徒然草114段『今出川の大殿』
原文
今出川(いまでがわ)の大殿(おおいとの)、嵯峨へおはしけるに、有栖川(ありすがわ)のわたりに、水の流れたる所にて、賽王丸(さいわうまる)、御牛を追ひたりければ、あがきの水、前板までさゝとかゝりけるを、為則、御車のしりに候ひけるが、「希有の童かな。かゝる所にて御牛をば追ふものか」と言ひたりければ、大殿、御気色悪しくなりて、「おのれ、車やらん事、賽王丸にまさりてえ知らじ。希有の男なり」とて、御車に頭を打ち当てられにけり。この高名の賽王丸は、太秦殿の男、料の御牛飼ぞかし。
現代語訳
今出川(いまでがわ)の大殿(おおいとの)と呼ばれた太政大臣西園寺公相(だじょうだいじんさいおんじきんすけ)が嵯峨へおいでになられた時、有栖川のわたり辺りの水の流れている所で、牛飼いの賽王丸(さいわうまる)が牛を追っていたので、牛の跳ね飛ばした水が前板にまでざざーっとかかったのを従者の為則は牛車の後ろについていたので「珍しい小僧だ。そのような所で牛を追うのか」と言ったので大殿(おおいとの)は気分を害して「おまえ、牛車の御し方、賽王丸より勝っているとでも思っているのか。珍しい男だ」と、車に頭を大殿(おおいとの)は打ち付けてしまわれた。この名だたる賽王丸は太秦殿の下男、後嵯峨院の牛飼いだ。
原文
この太秦殿に侍りける女房の名ども、一人はひざさち、一人はことづち、一人ははふばら、一人はおとうしと付けられけり。
現代語訳
太秦殿に仕えた女房の名前、一人はひざさち、一人はことづち、一人ははふばら、一人はおとうしと付けられていた。
人間が人間でなかった時代と社会 白井一道
兼好法師が生きた社会では牛飼いは牛飼い以外の何ものでもなかった。一年中どこに行っても牛飼いは牛飼いでしかなかった。その姿・格好によって当時の、その地域に暮らす人であれば、誰でもが牛飼いは牛飼いだと分かった。人間が姿・格好によって身分や職業が明確に明らかになっている社会であった。そういう点においては日本の中世社会もヨーロッパの中世社会も変わることはない。

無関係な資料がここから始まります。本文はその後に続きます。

theorem theorem6:
  fixes A :: "real mat" and n :: nat
  assumes "A \<in> carrier_mat n n"
    and "nonneg_mat A"
    and "irreducible_mat A"
  shows "(\<forall>s \<in> {0..1}. \<forall>t \<in> {0..1}.
            real_spectral_radius ((1 - s) \<cdot>\<^sub>m A + s \<cdot>\<^sub>m A\<^sup>T)
          = real_spectral_radius ((1 - t) \<cdot>\<^sub>m A + t \<cdot>\<^sub>m A\<^sup>T))
     \<longleftrightarrow> (\<forall>v. perron_vector (A + A\<^sup>T) v \<longrightarrow> (A - A\<^sup>T) *\<^sub>v v = 0\<^sub>v n)"
proof -
  note A = assms(1) and nn = assms(2) and irr = assms(3)
  have n: "0 < n"
    using irreducible_mat_dim_pos[OF irr A] .
  define c where "c = real_spectral_radius (A + A\<^sup>T) / 2"
  have perron: "v \<in> carrier_vec n" "\<And>i. i < n \<Longrightarrow> 0 < v $ i" "(A + A\<^sup>T) *\<^sub>v v = (2 * c) \<cdot>\<^sub>v v"
    if "perron_vector (A + A\<^sup>T) v" for v
    using that A unfolding perron_vector_def c_def by auto
  obtain v0 where v0: "perron_vector (A + A\<^sup>T) v0"
    using perron_vector_exists_symmetric[of "A + A\<^sup>T" n] nonneg_irreducible_add_transpose[OF A nn irr] A
    by (auto simp: transpose_add comm_add_mat)
  note radius = real_spectral_radius_transpose_combination[OF A nn n perron[OF v0]]
  have A0: "(1 - 0) \<cdot>\<^sub>m A + 0 \<cdot>\<^sub>m A\<^sup>T = A"
    using A by auto
  show ?thesis (is "?const_radius \<longleftrightarrow> ?kernel")
  proof
    assume const: ?const_radius
    show ?kernel
    proof (intro allI impI)
      fix v assume v: "perron_vector (A + A\<^sup>T) v"
      have "real_spectral_radius A = c"
        using const[rule_format, of 0 "1/2"] radius[of "1/2"] A0 by simp
      then have "A *\<^sub>v v = c \<cdot>\<^sub>v v"
        using eigenvector_of_add_transpose_eigenvector[OF A nn irr perron[OF v]] by blast
      then show "(A - A\<^sup>T) *\<^sub>v v = 0\<^sub>v n"
        using transpose_combination_eigen_iff[OF A perron(1,3)[OF v], of 0] A0 by simp
    qed
  next
    assume ?kernel
    then show ?const_radius
      using radius v0 by simp
  qed
qed

end
text \<open>The shifted support \<open>S3 - tmin\<close> is closed under sums and nonnegative differences, so
  it is either \<open>[0,\<infinity>)\<close> or a lattice \<open>c\<int>\<^sub>+\<close>.\<close>
lemma support_cases:
  "(\<lambda>x. x - tmin) ` S3 = {0..} \<or> (\<exists>c>0. (\<lambda>x. x - tmin) ` S3 = range (\<lambda>n::nat. c * real n))"
proof (rule closed_additive_cases)
  let ?T = "(\<lambda>x. x - tmin) ` S3"
  have memT: "u \<in> ?T \<longleftrightarrow> tmin + u \<in> S3" for u
    by (auto intro: image_eqI[of _ _ "tmin + u"])
  have "?T = (+) (- tmin) ` S3" by (auto simp: image_def)
  then show "closed ?T" using closed_translation[OF closed_msupp, of "- tmin" p3] by (simp only:)
  show "0 \<in> ?T" using memT tmin_in by simp
  show "?T \<subseteq> {0..}" using tmin_le by auto
  show "u + v \<in> ?T" if "u \<in> ?T" "v \<in> ?T" for u v
    using S1_shift[of "tmin + u" "tmin + v"] that by (simp add: memT S1_eq_S3 add.assoc)
  show "u - v \<in> ?T" if "u \<in> ?T" "v \<in> ?T" "v \<le> u" for u v
    using supp_R(1)[of "tmin + u" "tmin + v" tmin] that tmin_in
    by (simp add: memT S1_eq_S3 swap.S1_eq_S3)
  show "\<exists>u\<in>?T. u > 0" using above_tmin by (auto simp: memT)
qed

end

section \<open>Identities between the tails\<close>

text \<open>\<open>cross_tail M N d\<close> is the probability that \<open>X \<ge> Y + d\<close> for independent \<open>X \<sim> M\<close>, \<open>Y \<sim> N\<close>.\<close>
definition cross_tail :: "real measure \<Rightarrow> real measure \<Rightarrow> real \<Rightarrow> real" where
  "cross_tail M N d = enn2real (\<integral>\<^sup>+x. emeasure M {x + d..} \<partial>N)"

lemma cross_tail_nonneg [simp]: "cross_tail M N d \<ge> 0"
  by (simp add: cross_tail_def)

lemma cross_tail_eq:
  assumes "prob_space M" "prob_space N"
  shows "(\<integral>\<^sup>+x. emeasure M {x + d..} \<partial>N) = ennreal (cross_tail M N d)"
proof -
  interpret M: prob_space M by fact
  interpret N: prob_space N by fact
  have "(\<integral>\<^sup>+x. emeasure M {x + d..} \<partial>N) \<le> (\<integral>\<^sup>+x. 1 \<partial>N)"
    by (intro nn_integral_mono) (simp add: M.measure_le_1 M.emeasure_eq_measure)
  also have "\<dots> < \<top>" by (simp add: N.emeasure_space_1)
  finally show ?thesis unfolding cross_tail_def by (intro ennreal_enn2real[symmetric]) auto
qed

context R_invariant
begin

text \<open>For every upward closed set \<open>U\<close>, \<open>min r s \<in> U\<close> iff \<open>r, s \<in> U\<close>; hence
  \<open>\<pi>\<^sub>3(U) = \<pi>\<^sub>1(U) \<pi>\<^sub>2(U)\<close>.\<close>
lemma upper_set_product:
  assumes U: "U \<in> sets borel" and up: "\<And>x y. x \<in> U \<Longrightarrow> x \<le> y \<Longrightarrow> y \<in> U"
  shows "measure p3 U = measure p1 U * measure p2 U"
proof -
  have "min r s \<in> U \<longleftrightarrow> r \<in> U \<and> s \<in> U" for r s
    using up[of "min r s" r] up[of "min r s" s] by (cases "r \<le> s") (auto simp: min_def)
  then have "Rmap -` (UNIV \<times> (UNIV \<times> U)) = U \<times> (U \<times> UNIV)" by (auto simp: Rmap_conv)
  then have "emeasure P (UNIV \<times> (UNIV \<times> U)) = emeasure P (U \<times> (U \<times> UNIV))"
    using emeasure_Rmap_vimage[of "UNIV \<times> (UNIV \<times> U)"] U by (simp add: sets1 sets2 sets3)
  then show ?thesis using U
    by (simp add: emeasure_box q1.emeasure_eq_measure q2.emeasure_eq_measure q3.emeasure_eq_measure
        q1.prob_space[simplified] q2.prob_space[simplified] q3.prob_space[simplified]
        ennreal_mult''[symmetric] ennreal_inj del: ennreal_mult'')
qed

lemma tail_product: "tail p3 x = tail p1 x * tail p2 x"
  unfolding tail_def by (rule upper_set_product) auto

lemma tail_gt_product: "tail_gt p3 x = tail_gt p1 x * tail_gt p2 x"
  unfolding tail_gt_def by (rule upper_set_product) auto

text \<open>The key identity: the events \<open>{s \<ge> r + d, t \<in> C}\<close> and \<open>{s \<ge> r + d, r \<in> C}\<close>
  correspond under \<open>R\<close>, so the density of \<open>r \<mapsto> \<pi>\<^sub>2([r+d,\<infinity>))\<close> with respect to \<open>\<pi>\<^sub>1\<close> is
  proportional to \<open>\<pi>\<^sub>3\<close>.\<close>
lemma tail_identity:
  assumes d: "d \<ge> 0" and C: "C \<in> sets borel"
  shows "(\<integral>\<^sup>+r. emeasure p2 {r + d..} * indicator C r \<partial>p1)
       = emeasure p3 C * (\<integral>\<^sup>+r. emeasure p2 {r + d..} \<partial>p1)"
proof -
  define E where "E = {x::real \<times> real \<times> real. fst x + d \<le> fst (snd x) \<and> snd (snd x) \<in> C}"
  have [measurable]: "C \<in> sets p3" "C \<in> sets p1" using C sets3 sets1 by auto
  have "E = {x \<in> space P. fst x + d \<le> fst (snd x) \<and> snd (snd x) \<in> C}" by (simp add: E_def)
  also have "\<dots> \<in> sets P" by measurable
  finally have Em: "E \<in> sets P" .
  have RE: "Rmap -` E = {x. fst x + d \<le> fst (snd x) \<and> fst x \<in> C}"
    using d by (auto simp: E_def Rmap_conv min_def max_def)
  have "Rmap -` E = {x \<in> space P. fst x + d \<le> fst (snd x) \<and> fst x \<in> C}" by (simp add: RE)
  also have "\<dots> \<in> sets P" by measurable
  finally have REm: "Rmap -` E \<in> sets P" .
  have "emeasure P (Rmap -` E) = (\<integral>\<^sup>+r. emeasure (p2 \<Otimes>\<^sub>M p3) (Pair r -` (Rmap -` E)) \<partial>p1)"
    by (rule q23.P.emeasure_pair_measure_alt[OF REm])
  also have "\<dots> = (\<integral>\<^sup>+r. emeasure p2 {r + d..} * indicator C r \<partial>p1)"
  proof (rule nn_integral_cong)
    fix r
    have "Pair r -` (Rmap -` E) = (if r \<in> C then {r + d..} \<times> UNIV else {})" unfolding RE by auto
    then show "emeasure (p2 \<Otimes>\<^sub>M p3) (Pair r -` (Rmap -` E)) = emeasure p2 {r + d..} * indicator C r"
      by (simp add: q3.emeasure_pair_measure_Times q3.emeasure_space_1[simplified])
  qed
  finally have lhs: "emeasure P (Rmap -` E) = (\<integral>\<^sup>+r. emeasure p2 {r + d..} * indicator C r \<partial>p1)" .
  have "emeasure P E = (\<integral>\<^sup>+r. emeasure (p2 \<Otimes>\<^sub>M p3) (Pair r -` E) \<partial>p1)"
    by (rule q23.P.emeasure_pair_measure_alt[OF Em])
  also have "\<dots> = (\<integral>\<^sup>+r. emeasure p2 {r + d..} * emeasure p3 C \<partial>p1)"
  proof (rule nn_integral_cong)
    fix r
    have "Pair r -` E = {r + d..} \<times> C" unfolding E_def by auto
    then show "emeasure (p2 \<Otimes>\<^sub>M p3) (Pair r -` E) = emeasure p2 {r + d..} * emeasure p3 C"
      using C by (simp add: q3.emeasure_pair_measure_Times sets3)
  qed
  also have "\<dots> = (\<integral>\<^sup>+r. emeasure p2 {r + d..} \<partial>p1) * emeasure p3 C"
    using tail_measurable[OF h2, of d]
    by (intro nn_integral_multc) (simp add: measurable_cong_sets[OF sets1 refl])
  finally show ?thesis using lhs emeasure_Rmap_vimage[OF Em] by (simp add: mult.commute)
qed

ホイジンガの著書『中世の秋』第一章は次のような言葉で始まっている。「はげしい生活の基調」
「世界がまだ若く、五世紀ほどもまえのころには、人生の出来事は、いまよりももっとくっきりとしたかたちをみせていた。悲しみと喜びのあいだの、幸と不幸のあいだのへだたりは、わたしたちの場合よりも大きかったようだ。すべて、ひとの体験には、喜び悲しむ子供の心にいまなおうかがえる、あの直接性、絶対性が、まだ失われてはいなかった。」
「すべてが、多彩なかたちをとり、たえまない対照をみせて、ひとの心にのしかかる。それゆえに、日常生活はちくちくさすような情熱の暗示に満たされ、心の動きは、あるいは野放図な喜び、むごい残忍さ、また静かな心のなごみへと移り変わる。このような不安定な気分のうちに、中世都市の生活はゆれうごいていたのである。」堀越孝一訳より 中央公論社
子供に見られる単純さ、残酷さ、明暗の明確さのようなものが赤裸々に表現される社会であった。日本の中世社会も同じような社会であった。太政大臣になる貴族と言われる人々と牛飼いをする人々は生まれが違っていた。この違いに疑問を抱く人間が一人もいないのが当然である社会であった。
貴族に仕える女房たちも貴族に生まれた女性とは差別された存在であった。そのようなことに疑問を抱くことはなかった。そのような社会の一面を兼好法師はこの段で書いている。